Ernest Sessi Ikoli, Nigerian first generation politician and journalist who gained a reputation in the 1920s as a colorful nationalist was born in 1893 at Brass, now part of Rivers State. The foray of this cerebral Ijaw man into newspaper publishing after the First World War would provide the energy and the participation that was needed in the cause of the Nigerian nationalists who having seen the usefulness of the colony to imperial Britain are now more confident.
Ikoli was one of the foundational students of the King’s College when the school was opened in 1909. He was a senior prefect and became later in 1913, assistant instructor in science and mathematics. He resigned this position in 1919 to protest an humiliating act of his British principal, which he, in a letter to the Director of Education, Southern Provinces, suggested to be motivated by racism. Ikoli, having won for himself public accolade for his principle, was invited two months later by Thomas Horatio Jackson to join the Weekly Record, a successful newspaper founded by Thomas’ Father, Jackson, as an editor. Ikoli thus became a player in the bustling post-First World War Nigerian journalism and he also joined the Garveyite movement before going ahead to help found the Nigerian Youth Movement.
Although Ikoli was a fierce nationalist, he believed his sentiments must not dissipate useful energy and he preferred collaboration even between ideologically different political groups. The newspaper, African Messenger, which he started in 1921 was positioned to be a third and centrist force with Weekly Record and the rival Nigerian Pioneer. His admiration for the leader of the Nigerian National Democratic Party, NNDP, and Herbert Macaulay will give way to total disenchantment when Macaulay took offence for his refusal to publish a letter he had written to African Messenger. Ikoli’s paper would go the way of many before it, but saved from inglorious end with its acquisition by Adeyemo Alakija’s pro-government Daily Times. The man counted among the nationalists would be forced by financial reasons and loss of his respect for Macaulay to pitch his tent with conservatives. He will not be this way for long.
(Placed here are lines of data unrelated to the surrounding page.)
lemma intrinsic_dist_subarc:
  assumes "continuous_on {0..1} \<gamma>" "curve_length \<gamma> < \<infinity>"
    and "0 \<le> a" "a < b" "b \<le> 1" "\<gamma> ` {a..b} \<subseteq> A"
  obtains r where "intrinsic_dist A (\<gamma> a) (\<gamma> b) = ereal r"
    "dist (\<gamma> a) (\<gamma> b) \<le> r" "r \<le> real_of_ereal (arc_length \<gamma> a b)"
proof -
  let ?\<rho> = "intrinsic_dist A (\<gamma> a) (\<gamma> b)"
  have upper: "?\<rho> \<le> ereal (real_of_ereal (arc_length \<gamma> a b))"
    using intrinsic_dist_le_arc_length[of \<gamma> a b A] arc_length_finite[of \<gamma> a b] assms
    by simp
  have lower: "ereal (dist (\<gamma> a) (\<gamma> b)) \<le> ?\<rho>" by (rule dist_le_intrinsic_dist)
  from upper lower show ?thesis
    by (cases ?\<rho>) (auto intro: that)
qed

lemma intrinsic_lipschitz_subarc:
  assumes "intrinsic_lipschitz A f L"
    and "continuous_on {0..1} \<gamma>" "curve_length \<gamma> < \<infinity>"
    and "0 \<le> a" "a < b" "b \<le> 1" "\<gamma> ` {a..b} \<subseteq> A"
  obtains r where "dist (\<gamma> a) (\<gamma> b) \<le> r" "r \<le> real_of_ereal (arc_length \<gamma> a b)"
    "dist (f (\<gamma> a)) (f (\<gamma> b)) \<le> L * r"
proof -
  obtain r where r: "intrinsic_dist A (\<gamma> a) (\<gamma> b) = ereal r"
    "dist (\<gamma> a) (\<gamma> b) \<le> r" "r \<le> real_of_ereal (arc_length \<gamma> a b)"
    using intrinsic_dist_subarc[OF assms(2-)] .
  have "\<gamma> a \<in> A" "\<gamma> b \<in> A" using assms(4-7) by auto
  with assms(1) r(1) have "dist (f (\<gamma> a)) (f (\<gamma> b)) \<le> L * r"
    unfolding intrinsic_lipschitz_def by force
  with r(2,3) show ?thesis by (rule that)
qed

lemma dist_le_if_dist_le_inside:
  fixes h :: "real \<Rightarrow> 'a::metric_space"
  assumes h: "continuous_on {a..b} h" and "a < b"
    and inside: "\<And>s t. a < s \<Longrightarrow> s < t \<Longrightarrow> t < b \<Longrightarrow> dist (h s) (h t) \<le> C"
  shows "dist (h a) (h b) \<le> C"
proof -
  have right_end: "dist (h s) (h b) \<le> C" if "a < s" "s < b" for s
  proof -
    have "continuous_on (closure {s<..<b}) (\<lambda>t. dist (h s) (h t))"
      using that by (auto intro!: continuous_intros continuous_on_subset[OF h])
    then show ?thesis
      by (rule continuous_le_on_closure) (use that inside in auto)
  qed
  have "continuous_on (closure {a<..<b}) (\<lambda>s. dist (h s) (h b))"
    using assms(2) by (auto intro!: continuous_intros h)
  then show ?thesis
    by (rule continuous_le_on_closure) (use assms(2) right_end in auto)
qed

lemma first_and_last_visit:
  fixes \<gamma> :: "real \<Rightarrow> 'a::t1_space"
  assumes "continuous_on {a..b} \<gamma>" "t \<in> {a..b}"
  obtains a' b' where "a \<le> a'" "a' \<le> b'" "b' \<le> b" "\<gamma> a' = \<gamma> t" "\<gamma> b' = \<gamma> t"
    "\<And>s. s \<in> {a..<a'} \<union> {b'<..b} \<Longrightarrow> \<gamma> s \<noteq> \<gamma> t"
proof -
  define K where "K = {s \<in> {a..b}. \<gamma> s = \<gamma> t}"
  have "closed K" unfolding K_def
    by (rule continuous_closed_preimage_constant) (use assms in auto)
  have "K \<noteq> {}" using assms(2) unfolding K_def by blast
  have K_bounds: "K \<subseteq> {a..b}" unfolding K_def by auto
  then have "bdd_below K" "bdd_above K"
    by (metis bdd_below_Icc bdd_below_mono, metis bdd_above_Icc bdd_above_mono)
  have first: "Inf K \<in> K"
    using closed_contains_Inf[OF \<open>K \<noteq> {}\<close> \<open>bdd_below K\<close> \<open>closed K\<close>] .
  have last: "Sup K \<in> K"
    using closed_contains_Sup[OF \<open>K \<noteq> {}\<close> \<open>bdd_above K\<close> \<open>closed K\<close>] .
  have ordered: "Inf K \<le> Sup K"
    using cInf_le_cSup[OF \<open>K \<noteq> {}\<close> \<open>bdd_above K\<close> \<open>bdd_below K\<close>] .
  have not_visited: "\<gamma> s \<noteq> \<gamma> t" if "s \<in> {a..<Inf K} \<union> {Sup K<..b}" for s
  proof -
    have "s \<notin> K"
      using that cInf_lower[OF _ \<open>bdd_below K\<close>, of s] cSup_upper[OF _ \<open>bdd_above K\<close>, of s]
      by auto
    moreover have "s \<in> {a..b}" using that first last K_bounds by auto
    ultimately show ?thesis unfolding K_def by simp
  qed
  have "a \<le> Inf K" "Sup K \<le> b" "\<gamma> (Inf K) = \<gamma> t" "\<gamma> (Sup K) = \<gamma> t"
    using first last unfolding K_def by auto
  with ordered not_visited show ?thesis using that by blast
qed

text \<open>The weight w plays the role of L times arc length; with w = 0 the same argument
  shows that a negative intrinsic Lipschitz constant is impossible.\<close>

context
  fixes \<gamma> :: "real \<Rightarrow> 'a::t1_space" and h :: "real \<Rightarrow> 'b::metric_space"
    and w :: "real \<Rightarrow> real \<Rightarrow> real" and S :: "'a set"
  assumes \<gamma>_cont: "continuous_on {0..1} \<gamma>" and h_cont: "continuous_on {0..1} h"
    and h_factors: "\<And>s t. s \<in> {0..1} \<Longrightarrow> t \<in> {0..1} \<Longrightarrow> \<gamma> s = \<gamma> t \<Longrightarrow> h s = h t"
    and w_nonneg: "\<And>a b. 0 \<le> a \<Longrightarrow> a \<le> b \<Longrightarrow> b \<le> 1 \<Longrightarrow> 0 \<le> w a b"
    and w_mono: "\<And>a b c d. 0 \<le> a \<Longrightarrow> a \<le> c \<Longrightarrow> c \<le> d \<Longrightarrow> d \<le> b \<Longrightarrow> b \<le> 1 \<Longrightarrow>
      w c d \<le> w a b"
    and w_superadditive: "\<And>a b c. 0 \<le> a \<Longrightarrow> a \<le> c \<Longrightarrow> c \<le> b \<Longrightarrow> b \<le> 1 \<Longrightarrow>
      w a c + w c b \<le> w a b"
    and dist_le_w_off_S: "\<And>a b. 0 \<le> a \<Longrightarrow> a < b \<Longrightarrow> b \<le> 1 \<Longrightarrow> \<gamma> ` {a..b} \<inter> S = {} \<Longrightarrow>
      dist (h a) (h b) \<le> w a b"
begin

lemma dist_le_weight_if_no_crossing:
  assumes "0 \<le> a" "a \<le> b" "b \<le> 1" "\<gamma> ` {a<..<b} \<inter> S = {}"
  shows "dist (h a) (h b) \<le> w a b"
proof (cases "a = b")
  case True
  then show ?thesis using w_nonneg assms by simp
next
  case False
  have "continuous_on {a..b} h"
    using assms by (auto intro: continuous_on_subset[OF h_cont])
  moreover from False assms(2) have "a < b" by simp
  moreover have "dist (h s) (h t) \<le> w a b" if "a < s" "s < t" "t < b" for s t
  proof -
    have "{s..t} \<subseteq> {a<..<b}" using that by auto
    then have "\<gamma> ` {s..t} \<inter> S = {}" using assms(4) by blast
    then have "dist (h s) (h t) \<le> w s t" using dist_le_w_off_S that assms by simp
    also have "\<dots> \<le> w a b" using w_mono that assms by simp
    finally show ?thesis .
  qed
  ultimately show ?thesis by (rule dist_le_if_dist_le_inside)
qed

lemma dist_le_weight_if_crossings_in:
  assumes "finite P"
  shows "0 \<le> a \<Longrightarrow> a \<le> b \<Longrightarrow> b \<le> 1 \<Longrightarrow> \<gamma> ` {a<..<b} \<inter> S \<subseteq> P \<Longrightarrow>
    dist (h a) (h b) \<le> w a b"
  using assms
proof (induction P arbitrary: a b rule: finite_induct)
  case empty
  then show ?case using dist_le_weight_if_no_crossing by blast
next
  case (insert q P)
  show ?case
  proof (cases "q \<in> \<gamma> ` {a<..<b}")
    case False
    with insert.prems show ?thesis by (intro insert.IH) auto
  next
    case True
    then obtain t where t: "t \<in> {a<..<b}" "\<gamma> t = q" by auto
    have "continuous_on {a..b} \<gamma>"
      using insert.prems by (auto intro: continuous_on_subset[OF \<gamma>_cont])
    then obtain a' b' where visits: "a \<le> a'" "a' \<le> b'" "b' \<le> b" "\<gamma> a' = q" "\<gamma> b' = q"
      and not_visited: "\<And>s. s \<in> {a..<a'} \<union> {b'<..b} \<Longrightarrow> \<gamma> s \<noteq> q"
      using first_and_last_visit[of a b \<gamma> t] t by auto
    have crossings_in_P: "\<gamma> ` I \<inter> S \<subseteq> P"
      if "I \<subseteq> {a<..<b}" "\<And>s. s \<in> I \<Longrightarrow> \<gamma> s \<noteq> q" for I
      using that insert.prems(4) by blast
    have "\<gamma> ` {a<..<a'} \<inter> S \<subseteq> P" "\<gamma> ` {b'<..<b} \<inter> S \<subseteq> P"
      by (rule crossings_in_P; use visits not_visited in auto)+
    then have "dist (h a) (h a') \<le> w a a'" "dist (h b') (h b) \<le> w b' b"
      using insert.prems visits by (auto intro: insert.IH)
    moreover have "h a' = h b'"
      using h_factors visits insert.prems by auto
    ultimately have "dist (h a) (h b) \<le> w a a' + w b' b"
      using dist_triangle[of "h a" "h b" "h a'"] by simp
    also have "\<dots> \<le> w a a' + w a' b"
      using w_mono visits insert.prems by simp
    also have "\<dots> \<le> w a b"
      using w_superadditive visits insert.prems by simp
    finally show ?thesis .
  qed
qed

lemma dist_le_weight_if_finitely_many_crossings:
  assumes "finite (\<gamma> ` {0..1} \<inter> S)"
  shows "dist (h 0) (h 1) \<le> w 0 1"
  by (rule dist_le_weight_if_crossings_in[OF assms]) auto

end

lemma curve_length_less_ereal:
  assumes "curve_length \<gamma> < ereal c"
  shows "curve_length \<gamma> < \<infinity>" "real_of_ereal (curve_length \<gamma>) < c"
  using assms arc_length_nonneg[of \<gamma> 0 1] unfolding curve_length_eq_arc_length
  by (cases "arc_length \<gamma> 0 1"; simp)+

lemma intrinsic_lipschitz_const_nonneg:
  assumes f: "intrinsic_lipschitz (UNIV - \<Theta>) f L"
    and \<gamma>: "continuous_on {0..1} \<gamma>" "curve_length \<gamma> < \<infinity>" "finite (\<gamma> ` {0..1} \<inter> \<Theta>)"
    and "\<gamma> 0 \<noteq> \<gamma> 1"
  shows "0 \<le> L"
proof (rule ccontr)
  assume "\<not> 0 \<le> L"
  have "dist (\<gamma> 0) (\<gamma> 1) \<le> 0"
  proof (rule dist_le_weight_if_finitely_many_crossings
      [where h = \<gamma> and w = "\<lambda>_ _. 0" and S = \<Theta>])
    fix a b :: real assume ab: "0 \<le> a" "a < b" "b \<le> 1" "\<gamma> ` {a..b} \<inter> \<Theta> = {}"
    then obtain r where "dist (\<gamma> a) (\<gamma> b) \<le> r" "dist (f (\<gamma> a)) (f (\<gamma> b)) \<le> L * r"
      using intrinsic_lipschitz_subarc[OF f \<gamma>(1,2), of a b] by blast
    moreover from this have "0 \<le> L * r" by (meson order_trans zero_le_dist)
    with \<open>\<not> 0 \<le> L\<close> have "r \<le> 0" by (simp add: zero_le_mult_iff)
    ultimately show "dist (\<gamma> a) (\<gamma> b) \<le> 0" by linarith
  qed (use \<gamma> in auto)
  with \<open>\<gamma> 0 \<noteq> \<gamma> 1\<close> show False by simp
qed

lemma dist_le_curve_length_if_intrinsic_lipschitz:
  assumes f: "intrinsic_lipschitz (UNIV - \<Theta>) f L" "0 \<le> L" "continuous_on (\<gamma> ` {0..1}) f"
    and \<gamma>: "continuous_on {0..1} \<gamma>" "curve_length \<gamma> < \<infinity>" "finite (\<gamma> ` {0..1} \<inter> \<Theta>)"
  shows "dist (f (\<gamma> 0)) (f (\<gamma> 1)) \<le> L * real_of_ereal (curve_length \<gamma>)"
proof -
  define len where "len a b = real_of_ereal (arc_length \<gamma> a b)" for a b
  have arc_length_eq: "arc_length \<gamma> a b = ereal (len a b)" if "0 \<le> a" "b \<le> 1" for a b
    unfolding len_def using arc_length_finite[OF \<gamma>(2) that] .
  have "dist (f (\<gamma> 0)) (f (\<gamma> 1)) \<le> L * len 0 1"
  proof (rule dist_le_weight_if_finitely_many_crossings
      [where h = "\<lambda>t. f (\<gamma> t)" and w = "\<lambda>a b. L * len a b" and S = \<Theta>])
    show "continuous_on {0..1} (\<lambda>t. f (\<gamma> t))"
      using continuous_on_compose2[OF f(3) \<gamma>(1)] by simp
    fix a b c d :: real
    show "0 \<le> a \<Longrightarrow> a \<le> b \<Longrightarrow> b \<le> 1 \<Longrightarrow> 0 \<le> L * len a b"
      using arc_length_nonneg[of \<gamma> a b] arc_length_eq[of a b] f(2) by simp
    show "0 \<le> a \<Longrightarrow> a \<le> c \<Longrightarrow> c \<le> d \<Longrightarrow> d \<le> b \<Longrightarrow> b \<le> 1 \<Longrightarrow> L * len c d \<le> L * len a b"
      using arc_length_mono[of a c d b \<gamma>] arc_length_eq[of a b] arc_length_eq[of c d] f(2)
      by (simp add: mult_left_mono)
    show "0 \<le> a \<Longrightarrow> a \<le> c \<Longrightarrow> c \<le> b \<Longrightarrow> b \<le> 1 \<Longrightarrow> L * len a c + L * len c b \<le> L * len a b"
      using arc_length_superadditive[of a c b \<gamma>] arc_length_eq[of a c] arc_length_eq[of c b]
        arc_length_eq[of a b] f(2)
      by (simp add: distrib_left[symmetric] mult_left_mono)
    assume "0 \<le> a" "a < b" "b \<le> 1" "\<gamma> ` {a..b} \<inter> \<Theta> = {}"
    then obtain r where "r \<le> len a b" "dist (f (\<gamma> a)) (f (\<gamma> b)) \<le> L * r"
      using intrinsic_lipschitz_subarc[OF f(1) \<gamma>(1,2), of a b] unfolding len_def by blast
    with f(2) show "dist (f (\<gamma> a)) (f (\<gamma> b)) \<le> L * len a b"
      by (meson mult_left_mono order_trans)
  qed (use \<gamma> in auto)
  then show ?thesis by (simp add: len_def curve_length_eq_arc_length)
qed

lemma lipschitz_on_if_dist_le_plus_epsilon:
  assumes "0 \<le> L"
    and "\<And>x y \<eta>. x \<in> S \<Longrightarrow> y \<in> S \<Longrightarrow> 0 < \<eta> \<Longrightarrow> dist (f x) (f y) \<le> L * (dist x y + \<eta>)"
  shows "L-lipschitz_on S f"
  unfolding lipschitz_on_def
proof (intro conjI ballI assms(1))
  fix x y assume "x \<in> S" "y \<in> S"
  show "dist (f x) (f y) \<le> L * dist x y"
  proof (rule field_le_epsilon)
    fix \<epsilon> :: real assume "0 < \<epsilon>"
    with assms(1) have "L * (\<epsilon> / (L + 1)) \<le> \<epsilon>" by (simp add: field_simps)
    with assms(2)[OF \<open>x \<in> S\<close> \<open>y \<in> S\<close>, of "\<epsilon> / (L + 1)"] \<open>0 < \<epsilon>\<close> assms(1)
    show "dist (f x) (f y) \<le> L * dist x y + \<epsilon>" by (simp add: distrib_left)
  qed
qed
In 1929 Ikoli started a rival newspaper, Nigerian Daily Mail, which collapsed after only a couple of years. He served as editor to Nigeria Telegraph owned by a Lagos businessman, Mr. J.A. Doherty. It was edited by Ikoli until 1931 when it ceased to publish. From 1938 to 1944 Ikoli edited the Daily Service, the organ of the Nigerian Youth Movement. He was accorded the title of “elder statesman of the Nigerian press” by his professional colleagues. and then the Daily Service, organ of the Nigerian Youth Movement which was to the discontent of Nnamdi Azikiwe who was a founding member an unnecessary business competition to his own newspaper. Ikoli’s controversial bid to replace Dr. Abayomi at the Leglislative Council, led to a crisis, which estranged Obafemi Awolowo and the rest of the Nigerian Youth Movement from Nnamdi Azikiwe and members of Ikoli’s opponent, Samuel Akinsanya Ijebu caucus. This Ikoli-Akinsanya affair is considered by historians as the beginning of tribal politics in Nigeria. Ikoli died on October 21, 1960, three weeks after Nigeria became independent of Britain.